(Items from a data source)
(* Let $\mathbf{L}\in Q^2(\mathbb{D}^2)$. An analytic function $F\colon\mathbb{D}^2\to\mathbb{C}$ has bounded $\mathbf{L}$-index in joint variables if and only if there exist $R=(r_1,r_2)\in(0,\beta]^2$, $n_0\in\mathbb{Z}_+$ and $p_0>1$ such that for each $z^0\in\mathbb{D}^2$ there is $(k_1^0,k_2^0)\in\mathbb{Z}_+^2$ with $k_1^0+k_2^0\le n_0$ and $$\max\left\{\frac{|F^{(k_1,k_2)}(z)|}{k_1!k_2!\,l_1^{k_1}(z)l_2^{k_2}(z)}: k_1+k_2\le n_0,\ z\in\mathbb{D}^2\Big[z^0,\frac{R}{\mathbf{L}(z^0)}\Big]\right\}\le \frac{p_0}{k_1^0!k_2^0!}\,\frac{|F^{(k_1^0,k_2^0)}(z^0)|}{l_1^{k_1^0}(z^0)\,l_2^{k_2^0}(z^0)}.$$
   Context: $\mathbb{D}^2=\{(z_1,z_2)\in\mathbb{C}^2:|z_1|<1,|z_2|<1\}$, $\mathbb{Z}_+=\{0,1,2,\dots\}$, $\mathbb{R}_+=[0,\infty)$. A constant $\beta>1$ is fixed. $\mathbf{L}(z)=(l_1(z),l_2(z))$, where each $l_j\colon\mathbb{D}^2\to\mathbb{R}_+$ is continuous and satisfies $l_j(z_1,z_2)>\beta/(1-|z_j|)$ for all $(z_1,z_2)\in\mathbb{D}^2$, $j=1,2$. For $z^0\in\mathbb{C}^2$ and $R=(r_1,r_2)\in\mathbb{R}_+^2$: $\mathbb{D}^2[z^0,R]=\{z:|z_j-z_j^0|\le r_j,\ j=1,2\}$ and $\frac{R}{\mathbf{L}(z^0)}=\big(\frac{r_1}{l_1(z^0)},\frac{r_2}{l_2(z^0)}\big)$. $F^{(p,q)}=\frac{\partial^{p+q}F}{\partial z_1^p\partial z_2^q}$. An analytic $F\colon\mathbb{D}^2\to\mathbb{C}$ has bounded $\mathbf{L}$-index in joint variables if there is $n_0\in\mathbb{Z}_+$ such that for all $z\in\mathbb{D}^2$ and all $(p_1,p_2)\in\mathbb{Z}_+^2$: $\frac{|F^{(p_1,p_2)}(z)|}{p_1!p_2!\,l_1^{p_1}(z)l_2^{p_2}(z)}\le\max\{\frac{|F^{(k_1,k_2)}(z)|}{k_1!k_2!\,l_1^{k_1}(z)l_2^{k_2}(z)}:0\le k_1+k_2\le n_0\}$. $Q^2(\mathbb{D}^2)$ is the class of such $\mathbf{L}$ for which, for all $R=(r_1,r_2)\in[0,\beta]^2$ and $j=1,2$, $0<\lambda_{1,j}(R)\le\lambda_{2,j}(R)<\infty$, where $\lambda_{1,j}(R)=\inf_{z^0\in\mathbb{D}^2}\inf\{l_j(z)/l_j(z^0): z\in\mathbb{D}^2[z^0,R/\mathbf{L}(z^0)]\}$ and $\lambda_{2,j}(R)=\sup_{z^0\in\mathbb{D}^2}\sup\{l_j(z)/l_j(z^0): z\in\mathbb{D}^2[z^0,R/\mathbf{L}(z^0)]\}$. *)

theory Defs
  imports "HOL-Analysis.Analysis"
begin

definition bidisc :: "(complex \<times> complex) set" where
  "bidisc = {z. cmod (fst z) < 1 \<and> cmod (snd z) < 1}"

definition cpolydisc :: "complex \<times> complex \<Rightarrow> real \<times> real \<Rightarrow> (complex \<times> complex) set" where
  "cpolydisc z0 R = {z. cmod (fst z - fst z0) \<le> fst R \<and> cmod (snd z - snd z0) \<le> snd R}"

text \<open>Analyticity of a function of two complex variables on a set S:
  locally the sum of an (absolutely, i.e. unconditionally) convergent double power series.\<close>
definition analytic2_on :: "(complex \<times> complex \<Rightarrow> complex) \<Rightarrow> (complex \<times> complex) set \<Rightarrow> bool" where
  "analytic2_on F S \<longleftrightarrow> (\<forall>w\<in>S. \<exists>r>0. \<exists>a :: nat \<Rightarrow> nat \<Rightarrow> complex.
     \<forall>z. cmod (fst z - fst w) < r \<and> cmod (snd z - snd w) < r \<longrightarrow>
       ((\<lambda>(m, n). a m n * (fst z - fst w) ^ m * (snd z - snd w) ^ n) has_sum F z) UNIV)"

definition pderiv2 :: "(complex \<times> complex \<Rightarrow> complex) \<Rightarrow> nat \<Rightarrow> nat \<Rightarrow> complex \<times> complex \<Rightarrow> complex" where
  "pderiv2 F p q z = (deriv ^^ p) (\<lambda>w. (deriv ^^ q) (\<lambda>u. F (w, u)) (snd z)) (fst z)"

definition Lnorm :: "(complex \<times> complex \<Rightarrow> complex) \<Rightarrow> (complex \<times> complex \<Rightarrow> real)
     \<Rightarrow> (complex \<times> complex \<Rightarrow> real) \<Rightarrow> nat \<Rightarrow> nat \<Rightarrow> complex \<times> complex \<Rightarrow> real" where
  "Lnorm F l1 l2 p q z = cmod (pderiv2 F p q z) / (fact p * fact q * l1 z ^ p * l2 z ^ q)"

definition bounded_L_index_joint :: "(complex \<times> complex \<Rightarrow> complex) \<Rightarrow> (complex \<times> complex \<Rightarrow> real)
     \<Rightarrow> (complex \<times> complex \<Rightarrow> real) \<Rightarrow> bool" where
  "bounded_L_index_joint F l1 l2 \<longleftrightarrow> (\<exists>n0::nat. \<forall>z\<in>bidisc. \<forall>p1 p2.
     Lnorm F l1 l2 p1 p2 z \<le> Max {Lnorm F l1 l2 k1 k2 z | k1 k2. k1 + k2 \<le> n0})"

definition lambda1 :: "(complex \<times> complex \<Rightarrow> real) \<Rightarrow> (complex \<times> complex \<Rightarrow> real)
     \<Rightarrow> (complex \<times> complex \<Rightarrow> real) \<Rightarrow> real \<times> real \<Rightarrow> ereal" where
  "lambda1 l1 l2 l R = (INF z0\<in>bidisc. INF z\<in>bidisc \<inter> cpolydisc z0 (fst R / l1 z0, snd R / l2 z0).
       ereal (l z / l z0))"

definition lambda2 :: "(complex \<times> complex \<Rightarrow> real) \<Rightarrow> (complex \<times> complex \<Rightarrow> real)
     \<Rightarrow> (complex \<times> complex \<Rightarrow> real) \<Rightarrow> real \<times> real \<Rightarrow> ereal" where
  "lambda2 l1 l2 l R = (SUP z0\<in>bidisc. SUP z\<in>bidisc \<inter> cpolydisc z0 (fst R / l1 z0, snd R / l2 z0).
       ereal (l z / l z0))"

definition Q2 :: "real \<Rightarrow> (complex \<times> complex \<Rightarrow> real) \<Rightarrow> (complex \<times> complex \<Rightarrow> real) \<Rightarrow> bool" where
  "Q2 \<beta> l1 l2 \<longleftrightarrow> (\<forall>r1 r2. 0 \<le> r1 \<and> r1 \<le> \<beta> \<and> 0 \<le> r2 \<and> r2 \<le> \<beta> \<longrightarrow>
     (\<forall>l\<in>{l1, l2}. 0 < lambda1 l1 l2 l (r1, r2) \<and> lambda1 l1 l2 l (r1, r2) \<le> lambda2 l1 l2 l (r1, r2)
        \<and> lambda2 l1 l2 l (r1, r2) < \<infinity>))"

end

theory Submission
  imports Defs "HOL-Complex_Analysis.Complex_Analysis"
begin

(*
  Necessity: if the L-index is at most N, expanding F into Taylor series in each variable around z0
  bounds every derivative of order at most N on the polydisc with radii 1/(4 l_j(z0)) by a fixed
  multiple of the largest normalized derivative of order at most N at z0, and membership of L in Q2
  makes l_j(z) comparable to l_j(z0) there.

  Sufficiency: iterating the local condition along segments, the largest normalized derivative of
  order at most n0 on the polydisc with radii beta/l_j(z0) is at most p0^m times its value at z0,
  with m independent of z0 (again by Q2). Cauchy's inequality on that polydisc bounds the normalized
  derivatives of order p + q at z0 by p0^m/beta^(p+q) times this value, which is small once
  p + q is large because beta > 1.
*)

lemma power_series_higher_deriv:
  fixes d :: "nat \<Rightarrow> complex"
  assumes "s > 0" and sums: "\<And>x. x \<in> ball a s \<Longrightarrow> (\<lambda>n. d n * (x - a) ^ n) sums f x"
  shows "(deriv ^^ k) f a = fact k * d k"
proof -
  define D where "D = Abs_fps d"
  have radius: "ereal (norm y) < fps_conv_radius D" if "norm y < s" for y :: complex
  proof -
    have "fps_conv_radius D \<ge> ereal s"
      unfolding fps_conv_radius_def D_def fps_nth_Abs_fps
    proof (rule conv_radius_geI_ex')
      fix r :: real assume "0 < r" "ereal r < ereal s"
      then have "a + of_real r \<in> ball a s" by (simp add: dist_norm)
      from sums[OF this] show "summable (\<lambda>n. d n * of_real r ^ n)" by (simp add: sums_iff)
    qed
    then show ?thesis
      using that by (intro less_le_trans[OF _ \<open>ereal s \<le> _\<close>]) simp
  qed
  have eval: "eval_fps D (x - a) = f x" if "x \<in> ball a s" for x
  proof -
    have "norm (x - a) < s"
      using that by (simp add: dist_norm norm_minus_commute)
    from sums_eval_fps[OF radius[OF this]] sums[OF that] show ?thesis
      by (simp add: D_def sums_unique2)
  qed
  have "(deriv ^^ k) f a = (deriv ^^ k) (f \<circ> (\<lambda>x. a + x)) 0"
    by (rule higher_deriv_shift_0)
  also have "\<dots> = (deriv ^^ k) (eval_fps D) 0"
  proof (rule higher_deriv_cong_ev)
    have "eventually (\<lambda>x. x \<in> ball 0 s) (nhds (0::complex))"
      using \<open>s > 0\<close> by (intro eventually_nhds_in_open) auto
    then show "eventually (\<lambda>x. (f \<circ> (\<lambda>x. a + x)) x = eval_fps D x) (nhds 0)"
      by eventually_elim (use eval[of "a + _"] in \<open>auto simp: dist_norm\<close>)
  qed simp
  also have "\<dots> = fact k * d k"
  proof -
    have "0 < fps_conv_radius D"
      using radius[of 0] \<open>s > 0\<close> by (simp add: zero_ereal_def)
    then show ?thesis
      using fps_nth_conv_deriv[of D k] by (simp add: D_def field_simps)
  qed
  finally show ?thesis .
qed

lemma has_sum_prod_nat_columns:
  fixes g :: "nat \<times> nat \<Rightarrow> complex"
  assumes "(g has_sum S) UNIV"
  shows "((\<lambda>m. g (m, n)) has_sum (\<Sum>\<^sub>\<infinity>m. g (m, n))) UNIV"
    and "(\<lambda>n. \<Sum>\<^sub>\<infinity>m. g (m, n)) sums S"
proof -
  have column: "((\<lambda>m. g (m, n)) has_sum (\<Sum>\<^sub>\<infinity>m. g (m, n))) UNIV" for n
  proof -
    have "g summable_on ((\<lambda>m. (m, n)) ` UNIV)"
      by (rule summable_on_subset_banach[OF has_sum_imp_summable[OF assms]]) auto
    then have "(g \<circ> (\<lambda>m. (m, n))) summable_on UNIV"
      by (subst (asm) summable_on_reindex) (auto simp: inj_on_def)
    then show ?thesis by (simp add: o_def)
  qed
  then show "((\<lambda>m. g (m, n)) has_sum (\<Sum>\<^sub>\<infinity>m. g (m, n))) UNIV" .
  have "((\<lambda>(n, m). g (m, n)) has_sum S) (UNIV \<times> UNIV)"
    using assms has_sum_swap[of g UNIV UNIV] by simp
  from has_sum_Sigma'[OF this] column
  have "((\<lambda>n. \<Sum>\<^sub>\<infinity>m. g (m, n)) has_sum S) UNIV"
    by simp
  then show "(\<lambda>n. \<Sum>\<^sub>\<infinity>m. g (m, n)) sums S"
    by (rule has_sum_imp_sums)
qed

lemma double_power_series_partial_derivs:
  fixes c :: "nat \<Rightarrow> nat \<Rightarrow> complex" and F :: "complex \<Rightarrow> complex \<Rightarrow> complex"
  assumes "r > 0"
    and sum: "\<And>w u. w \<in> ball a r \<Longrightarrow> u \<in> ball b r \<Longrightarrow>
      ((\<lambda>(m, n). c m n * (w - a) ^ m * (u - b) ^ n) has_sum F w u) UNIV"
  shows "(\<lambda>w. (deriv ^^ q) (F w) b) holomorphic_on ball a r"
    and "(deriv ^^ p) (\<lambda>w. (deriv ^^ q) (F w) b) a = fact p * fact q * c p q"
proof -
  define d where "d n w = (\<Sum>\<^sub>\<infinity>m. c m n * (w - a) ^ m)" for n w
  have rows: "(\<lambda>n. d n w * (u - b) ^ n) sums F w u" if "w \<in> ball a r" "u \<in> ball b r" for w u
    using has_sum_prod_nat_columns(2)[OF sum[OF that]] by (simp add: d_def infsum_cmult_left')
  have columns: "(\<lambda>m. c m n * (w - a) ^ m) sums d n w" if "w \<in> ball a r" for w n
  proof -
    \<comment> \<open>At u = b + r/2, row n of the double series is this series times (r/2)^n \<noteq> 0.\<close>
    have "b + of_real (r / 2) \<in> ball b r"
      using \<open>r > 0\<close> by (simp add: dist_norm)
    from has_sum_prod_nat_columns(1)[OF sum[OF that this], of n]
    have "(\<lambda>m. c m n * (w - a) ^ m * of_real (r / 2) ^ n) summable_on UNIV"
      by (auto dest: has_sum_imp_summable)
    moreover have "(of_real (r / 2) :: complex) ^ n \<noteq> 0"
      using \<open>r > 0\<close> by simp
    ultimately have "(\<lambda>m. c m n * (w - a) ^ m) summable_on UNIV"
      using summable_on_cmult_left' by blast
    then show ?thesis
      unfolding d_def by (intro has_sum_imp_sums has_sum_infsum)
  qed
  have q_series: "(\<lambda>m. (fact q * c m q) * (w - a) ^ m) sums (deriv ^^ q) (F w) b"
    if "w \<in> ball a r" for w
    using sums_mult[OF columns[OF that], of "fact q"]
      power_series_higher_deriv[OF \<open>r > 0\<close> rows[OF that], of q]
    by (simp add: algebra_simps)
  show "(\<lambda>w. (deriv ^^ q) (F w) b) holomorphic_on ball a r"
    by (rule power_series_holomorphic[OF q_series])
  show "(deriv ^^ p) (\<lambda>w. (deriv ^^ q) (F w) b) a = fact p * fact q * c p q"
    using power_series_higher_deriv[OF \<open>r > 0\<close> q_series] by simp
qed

...

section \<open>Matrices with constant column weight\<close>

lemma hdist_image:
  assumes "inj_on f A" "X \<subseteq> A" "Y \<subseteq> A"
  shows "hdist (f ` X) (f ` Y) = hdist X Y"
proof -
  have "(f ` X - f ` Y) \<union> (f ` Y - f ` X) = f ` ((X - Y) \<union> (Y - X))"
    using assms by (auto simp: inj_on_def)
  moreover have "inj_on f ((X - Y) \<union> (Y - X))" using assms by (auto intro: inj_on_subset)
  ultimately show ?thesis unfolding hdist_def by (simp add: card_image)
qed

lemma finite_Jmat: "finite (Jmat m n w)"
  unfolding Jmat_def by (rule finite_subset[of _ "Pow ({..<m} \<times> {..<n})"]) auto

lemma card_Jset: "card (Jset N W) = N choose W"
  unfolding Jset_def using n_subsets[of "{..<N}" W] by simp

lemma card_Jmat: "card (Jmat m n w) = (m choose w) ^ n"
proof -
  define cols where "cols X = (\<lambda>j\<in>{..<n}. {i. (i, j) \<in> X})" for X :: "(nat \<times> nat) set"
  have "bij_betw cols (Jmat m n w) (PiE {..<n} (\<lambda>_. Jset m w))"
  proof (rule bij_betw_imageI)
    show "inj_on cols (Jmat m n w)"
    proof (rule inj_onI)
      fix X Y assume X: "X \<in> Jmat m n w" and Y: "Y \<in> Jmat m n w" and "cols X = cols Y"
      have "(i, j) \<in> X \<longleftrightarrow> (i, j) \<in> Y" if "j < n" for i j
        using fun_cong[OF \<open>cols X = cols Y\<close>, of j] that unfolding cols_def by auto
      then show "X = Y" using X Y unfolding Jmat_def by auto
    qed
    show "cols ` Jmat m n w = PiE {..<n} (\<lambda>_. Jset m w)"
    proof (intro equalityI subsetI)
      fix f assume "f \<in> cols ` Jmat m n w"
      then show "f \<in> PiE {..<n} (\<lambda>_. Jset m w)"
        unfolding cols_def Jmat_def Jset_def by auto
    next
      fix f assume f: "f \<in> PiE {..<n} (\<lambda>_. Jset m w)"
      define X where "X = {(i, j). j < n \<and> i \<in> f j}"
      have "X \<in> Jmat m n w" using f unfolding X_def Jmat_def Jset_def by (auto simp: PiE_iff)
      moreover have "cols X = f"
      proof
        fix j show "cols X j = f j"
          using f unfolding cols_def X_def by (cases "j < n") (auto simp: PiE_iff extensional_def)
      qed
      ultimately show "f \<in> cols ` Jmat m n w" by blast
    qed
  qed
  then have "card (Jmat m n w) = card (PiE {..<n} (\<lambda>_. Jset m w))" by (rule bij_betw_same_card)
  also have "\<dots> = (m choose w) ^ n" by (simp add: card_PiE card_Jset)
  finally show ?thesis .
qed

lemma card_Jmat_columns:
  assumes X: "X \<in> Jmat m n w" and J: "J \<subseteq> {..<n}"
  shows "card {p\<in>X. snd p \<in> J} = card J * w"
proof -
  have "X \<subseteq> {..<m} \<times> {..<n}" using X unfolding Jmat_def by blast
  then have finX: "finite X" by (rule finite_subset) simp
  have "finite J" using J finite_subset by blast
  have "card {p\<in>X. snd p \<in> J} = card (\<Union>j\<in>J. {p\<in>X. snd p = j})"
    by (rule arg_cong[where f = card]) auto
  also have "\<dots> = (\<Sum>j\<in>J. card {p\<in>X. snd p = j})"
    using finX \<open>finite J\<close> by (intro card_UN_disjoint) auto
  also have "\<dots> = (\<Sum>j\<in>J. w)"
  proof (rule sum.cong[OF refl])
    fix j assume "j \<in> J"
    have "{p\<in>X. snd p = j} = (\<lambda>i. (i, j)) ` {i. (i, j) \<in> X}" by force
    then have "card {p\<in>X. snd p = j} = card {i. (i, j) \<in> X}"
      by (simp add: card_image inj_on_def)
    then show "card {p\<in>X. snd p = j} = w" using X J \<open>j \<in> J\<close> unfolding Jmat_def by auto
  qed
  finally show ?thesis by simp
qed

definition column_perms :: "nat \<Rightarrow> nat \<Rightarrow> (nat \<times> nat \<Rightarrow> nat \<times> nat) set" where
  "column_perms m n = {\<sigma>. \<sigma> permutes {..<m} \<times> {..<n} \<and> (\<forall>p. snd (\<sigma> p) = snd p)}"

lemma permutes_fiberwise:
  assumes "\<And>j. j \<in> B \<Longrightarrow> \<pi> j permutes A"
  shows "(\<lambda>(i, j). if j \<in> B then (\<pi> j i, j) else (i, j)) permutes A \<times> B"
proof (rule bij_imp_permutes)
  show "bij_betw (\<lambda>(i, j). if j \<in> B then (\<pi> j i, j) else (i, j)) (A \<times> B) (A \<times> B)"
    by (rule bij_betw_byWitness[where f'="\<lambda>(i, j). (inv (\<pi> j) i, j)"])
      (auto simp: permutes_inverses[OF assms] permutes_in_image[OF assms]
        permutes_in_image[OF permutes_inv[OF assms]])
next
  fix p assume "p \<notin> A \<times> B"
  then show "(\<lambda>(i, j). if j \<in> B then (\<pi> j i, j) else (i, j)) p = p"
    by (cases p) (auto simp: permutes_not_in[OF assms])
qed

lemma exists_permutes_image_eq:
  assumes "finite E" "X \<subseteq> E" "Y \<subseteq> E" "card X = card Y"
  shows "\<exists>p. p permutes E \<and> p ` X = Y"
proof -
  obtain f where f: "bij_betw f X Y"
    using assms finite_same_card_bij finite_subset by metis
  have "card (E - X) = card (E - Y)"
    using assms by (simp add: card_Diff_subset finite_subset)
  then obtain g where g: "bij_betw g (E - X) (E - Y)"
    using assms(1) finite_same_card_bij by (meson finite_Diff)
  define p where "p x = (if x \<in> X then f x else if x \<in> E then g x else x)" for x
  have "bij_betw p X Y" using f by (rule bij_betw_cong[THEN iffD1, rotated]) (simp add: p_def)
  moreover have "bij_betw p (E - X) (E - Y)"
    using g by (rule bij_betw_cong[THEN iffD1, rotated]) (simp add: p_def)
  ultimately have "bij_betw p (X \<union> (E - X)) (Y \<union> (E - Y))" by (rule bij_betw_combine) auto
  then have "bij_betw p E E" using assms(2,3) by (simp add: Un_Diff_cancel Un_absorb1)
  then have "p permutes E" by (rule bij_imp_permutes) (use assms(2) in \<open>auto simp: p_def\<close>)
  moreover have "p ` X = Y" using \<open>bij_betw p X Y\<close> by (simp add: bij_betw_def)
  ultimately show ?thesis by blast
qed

==

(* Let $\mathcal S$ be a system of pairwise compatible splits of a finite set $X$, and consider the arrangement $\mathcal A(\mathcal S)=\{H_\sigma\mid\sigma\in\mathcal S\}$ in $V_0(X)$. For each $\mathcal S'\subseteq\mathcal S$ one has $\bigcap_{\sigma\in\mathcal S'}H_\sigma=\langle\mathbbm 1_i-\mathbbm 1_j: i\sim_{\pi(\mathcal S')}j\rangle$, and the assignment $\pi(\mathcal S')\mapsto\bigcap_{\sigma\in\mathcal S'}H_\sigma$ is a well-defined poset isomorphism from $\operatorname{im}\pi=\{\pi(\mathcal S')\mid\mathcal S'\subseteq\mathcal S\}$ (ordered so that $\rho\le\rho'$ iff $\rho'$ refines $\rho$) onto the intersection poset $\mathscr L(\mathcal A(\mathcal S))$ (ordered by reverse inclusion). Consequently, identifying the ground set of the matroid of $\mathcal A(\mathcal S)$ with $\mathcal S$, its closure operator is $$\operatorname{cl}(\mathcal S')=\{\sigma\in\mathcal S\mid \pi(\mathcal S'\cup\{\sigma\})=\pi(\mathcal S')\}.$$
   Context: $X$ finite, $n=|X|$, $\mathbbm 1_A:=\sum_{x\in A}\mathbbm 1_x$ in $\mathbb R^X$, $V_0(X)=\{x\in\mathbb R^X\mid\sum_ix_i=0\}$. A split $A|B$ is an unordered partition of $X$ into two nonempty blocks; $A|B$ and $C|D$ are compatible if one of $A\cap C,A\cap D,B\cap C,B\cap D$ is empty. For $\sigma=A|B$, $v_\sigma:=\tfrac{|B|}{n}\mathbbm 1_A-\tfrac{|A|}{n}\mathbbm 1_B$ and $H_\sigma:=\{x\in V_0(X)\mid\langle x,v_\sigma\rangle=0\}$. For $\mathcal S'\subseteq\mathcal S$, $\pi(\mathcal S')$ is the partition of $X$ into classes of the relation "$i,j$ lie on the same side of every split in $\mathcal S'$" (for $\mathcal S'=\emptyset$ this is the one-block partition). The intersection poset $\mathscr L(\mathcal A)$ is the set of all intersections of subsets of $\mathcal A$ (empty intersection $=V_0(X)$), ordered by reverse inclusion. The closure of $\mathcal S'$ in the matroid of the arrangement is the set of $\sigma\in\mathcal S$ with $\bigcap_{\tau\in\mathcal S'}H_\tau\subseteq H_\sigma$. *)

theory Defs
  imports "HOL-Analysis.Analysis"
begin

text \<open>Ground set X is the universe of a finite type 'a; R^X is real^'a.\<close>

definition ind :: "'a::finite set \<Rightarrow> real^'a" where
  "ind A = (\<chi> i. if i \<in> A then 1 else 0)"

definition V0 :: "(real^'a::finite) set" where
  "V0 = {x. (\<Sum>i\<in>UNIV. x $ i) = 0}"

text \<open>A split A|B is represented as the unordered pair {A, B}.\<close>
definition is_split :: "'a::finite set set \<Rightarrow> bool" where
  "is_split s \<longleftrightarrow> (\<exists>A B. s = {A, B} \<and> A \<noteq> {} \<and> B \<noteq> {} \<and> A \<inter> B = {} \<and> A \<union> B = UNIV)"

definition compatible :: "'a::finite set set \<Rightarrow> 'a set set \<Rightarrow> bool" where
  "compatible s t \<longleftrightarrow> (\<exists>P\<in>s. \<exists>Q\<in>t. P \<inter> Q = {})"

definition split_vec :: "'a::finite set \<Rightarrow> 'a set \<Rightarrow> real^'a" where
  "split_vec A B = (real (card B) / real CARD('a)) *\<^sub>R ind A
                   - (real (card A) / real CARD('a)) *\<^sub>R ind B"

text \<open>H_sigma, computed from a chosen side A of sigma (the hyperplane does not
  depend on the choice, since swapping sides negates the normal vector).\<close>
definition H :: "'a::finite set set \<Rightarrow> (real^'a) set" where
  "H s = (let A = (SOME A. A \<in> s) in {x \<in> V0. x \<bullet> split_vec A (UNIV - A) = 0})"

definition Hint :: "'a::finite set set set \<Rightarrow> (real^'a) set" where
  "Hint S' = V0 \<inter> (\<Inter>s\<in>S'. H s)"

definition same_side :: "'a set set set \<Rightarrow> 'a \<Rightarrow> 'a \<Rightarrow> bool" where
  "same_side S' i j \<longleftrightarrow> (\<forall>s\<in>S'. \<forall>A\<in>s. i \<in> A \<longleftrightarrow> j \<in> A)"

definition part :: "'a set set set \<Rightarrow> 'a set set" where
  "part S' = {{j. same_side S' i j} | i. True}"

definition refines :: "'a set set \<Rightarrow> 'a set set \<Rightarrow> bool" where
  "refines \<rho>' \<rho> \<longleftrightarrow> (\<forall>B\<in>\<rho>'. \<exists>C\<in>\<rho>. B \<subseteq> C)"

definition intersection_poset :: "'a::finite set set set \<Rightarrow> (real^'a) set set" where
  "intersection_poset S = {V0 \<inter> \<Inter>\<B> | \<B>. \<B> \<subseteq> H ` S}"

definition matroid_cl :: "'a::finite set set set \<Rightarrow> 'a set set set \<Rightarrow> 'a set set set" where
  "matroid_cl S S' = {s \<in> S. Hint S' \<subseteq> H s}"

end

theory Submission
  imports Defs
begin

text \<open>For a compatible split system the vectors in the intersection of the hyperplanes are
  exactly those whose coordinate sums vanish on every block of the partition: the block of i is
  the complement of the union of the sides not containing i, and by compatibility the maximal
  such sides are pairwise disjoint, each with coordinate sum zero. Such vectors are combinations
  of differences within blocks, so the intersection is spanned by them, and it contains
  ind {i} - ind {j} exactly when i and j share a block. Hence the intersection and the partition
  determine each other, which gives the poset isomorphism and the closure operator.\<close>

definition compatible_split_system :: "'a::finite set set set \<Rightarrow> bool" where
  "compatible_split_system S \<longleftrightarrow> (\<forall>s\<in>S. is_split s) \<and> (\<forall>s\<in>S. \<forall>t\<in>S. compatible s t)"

#### DESCRIPTION OF THE TASK
Counting only lines that contain the word "also", give the number found in the data, and nothing else.

#### RESPONSE BELOW
5